Aside from staying physically active, learning new skills and studying can actually keep our brains healthier. Consider taking a continuing education class, studying a new language, learning a new instrument, playing new card games. 
Studies show that the more complex the task, the more benefits for your mind. Simply showing up to class is not enough. You need to be actively engaged. Anything that forces you to focus and learn something new and get out of a rote routine will help you sharpen your mind and boost your memory.
6. Stay Social
The more deep and meaningful social connections you maintain, the more you protect your brain.
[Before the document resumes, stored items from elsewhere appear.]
(* Let $A\in\mathbb{R}^{m\times n}$ be semi-monotone, let $A=P_1-R_1+S_1$ be a double proper weak regular splitting and $A=P_2-R_2+S_2$ a double proper regular splitting of $A$. Suppose $N(R_2)\supseteq N(P_2)$, $R(R_2)\subseteq R(P_2)$, $-1\notin\sigma(R_2P_1^{\dagger})$ and $\widehat{\mathcal{A}}^{\dagger}\geq 0$, where $\widehat{\mathcal{A}}=(I+R_2P_1^{\dagger})A$. If $P_1^{\dagger}R_1\geq P_2^{\dagger}R_2$, $P_2^{\dagger}S_2\geq P_1^{\dagger}S_1$ and $P_2^{\dagger}R_2+P_2^{\dagger}S_2\leq 0$, then $\rho(\mathcal{W}_{12})\leq\rho(T_1)<1$, where $$\mathcal{W}_{12}=\begin{pmatrix} P_2^{\dagger}R_2P_1^{\dagger}R_1-P_2^{\dagger}S_2 & -P_2^{\dagger}R_2P_1^{\dagger}S_1\\ I & 0\end{pmatrix},\qquad T_1=\begin{pmatrix} P_1^{\dagger}R_1 & -P_1^{\dagger}S_1\\ I&0\end{pmatrix}.$$
   Context: For $M\in\mathbb{R}^{m\times n}$, $M^{\dagger}$ is its Moore–Penrose inverse, $R(M)$, $N(M)$ its range and null space; inequalities are entrywise; $\rho$ is the spectral radius, $\sigma$ the spectrum. $A$ is semi-monotone if $A^{\dagger}\geq0$. A double splitting $A=P-R+S$ is a double proper splitting if $R(P)=R(A)$ and $N(P)=N(A)$; it is double proper regular if moreover $P^{\dagger}\geq0$, $R\geq0$, $S\leq0$; double proper weak regular if moreover $P^{\dagger}\geq 0$, $P^{\dagger}R\geq 0$, $P^{\dagger}S\leq 0$. *)

theory Defs
  imports "Jordan_Normal_Form.Spectral_Radius" "Jordan_Normal_Form.Matrix_Kernel"
begin

definition is_penrose_inverse :: "real mat \<Rightarrow> real mat \<Rightarrow> bool" where
  "is_penrose_inverse A X \<longleftrightarrow>
     X \<in> carrier_mat (dim_col A) (dim_row A) \<and>
     A * X * A = A \<and> X * A * X = X \<and>
     transpose_mat (A * X) = A * X \<and> transpose_mat (X * A) = X * A"
theorem real_cond_exp_tau_given_zeta:
  fixes g :: "real \<Rightarrow> real"
  assumes [measurable]: "g \<in> borel_measurable borel" and g_int: "integrable M (\<lambda>\<omega>. g (\<tau> \<omega>))"
  shows "AE \<omega> in M. real_cond_exp M (vimage_algebra (space M) (zeta \<gamma> \<tau> t) borel) (\<lambda>\<omega>. g (\<tau> \<omega>)) \<omega>
    = cond_exp_tau g (zeta \<gamma> \<tau> t \<omega>)"
proof -
  let ?F = "vimage_algebra (space M) (zeta \<gamma> \<tau> t) borel"
  have sets_F: "sets ?F = {zeta \<gamma> \<tau> t -` B \<inter> space M | B. B \<in> sets borel}"
    by (rule sets_vimage_algebra2) simp
  interpret F: finite_measure_subalgebra M ?F
    by unfold_locales (auto simp: subalgebra_def sets_F)
  have g_int': "integrable Ptau g"
    using g_int by (subst integrable_distr_eq) auto
  show ?thesis
  proof (rule F.real_cond_exp_charact)
    fix A assume "A \<in> sets ?F"
    then obtain B where [measurable]: "B \<in> sets borel" and A: "A = zeta \<gamma> \<tau> t -` B \<inter> space M"
      by (auto simp: sets_F)
    then have ind: "indicator A \<omega> = indicator B (zeta \<gamma> \<tau> t \<omega>)" if "\<omega> \<in> space M" for \<omega>
      using that by (simp add: indicator_def)
    have "(\<integral>\<omega>\<in>A. g (\<tau> \<omega>) \<partial>M) = (\<integral>\<omega>. indicator B (zeta \<gamma> \<tau> t \<omega>) * g (\<tau> \<omega>) \<partial>M)"
      unfolding set_lebesgue_integral_def by (intro Bochner_Integration.integral_cong) (simp_all add: ind)
    also have "\<dots> = (\<integral>\<omega>. indicator B (zeta \<gamma> \<tau> t \<omega>) * cond_exp_tau g (zeta \<gamma> \<tau> t \<omega>) \<partial>M)"
      by (rule integral_indicator_cond_exp_tau_zeta_signed) (simp_all add: g_int')
    also have "\<dots> = (\<integral>\<omega>\<in>A. cond_exp_tau g (zeta \<gamma> \<tau> t \<omega>) \<partial>M)"
      unfolding set_lebesgue_integral_def by (intro Bochner_Integration.integral_cong) (simp_all add: ind)
    finally show "(\<integral>\<omega>\<in>A. g (\<tau> \<omega>) \<partial>M) = (\<integral>\<omega>\<in>A. cond_exp_tau g (zeta \<gamma> \<tau> t \<omega>) \<partial>M)" .
  next
    show "(\<lambda>\<omega>. cond_exp_tau g (zeta \<gamma> \<tau> t \<omega>)) \<in> borel_measurable ?F"
      by (rule measurable_compose[OF measurable_vimage_algebra1]) simp_all
  qed (simp_all add: g_int integrable_cond_exp_tau_zeta_signed[OF _ g_int'])
qed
Bottom line, the more friends you have, the more people you work with, the more you’re forced to use your brain.
Social isolation and loneliness are significant risks of dementia. Without interacting with others, our brains wilt. Isolation and loneliness lead to depression, physical and mental decline. 
In a 2016 study published in Frontiers in Aging Neuroscience, seniors with a full social calendar did better on memory, reasoning, and processing speed tests. 
What to do?
Party! Seriously, get together with friends as often as possible. Have family dinners. Choose social activities or sports like tennis, golf, cards or go for walks with a friend. Bottom line have fun, build meaningful social relationships and stay connected. Not only will it make your mind sharper and your memory better, you’ll be happier, too!
7. Wakeful Rest
This one is getting harder and harder to do. In a world where we can’t sit on a bus, go up an elevator or go to the bathroom without our phones, doing absolutely nothing to distract our minds is becoming increasingly difficult.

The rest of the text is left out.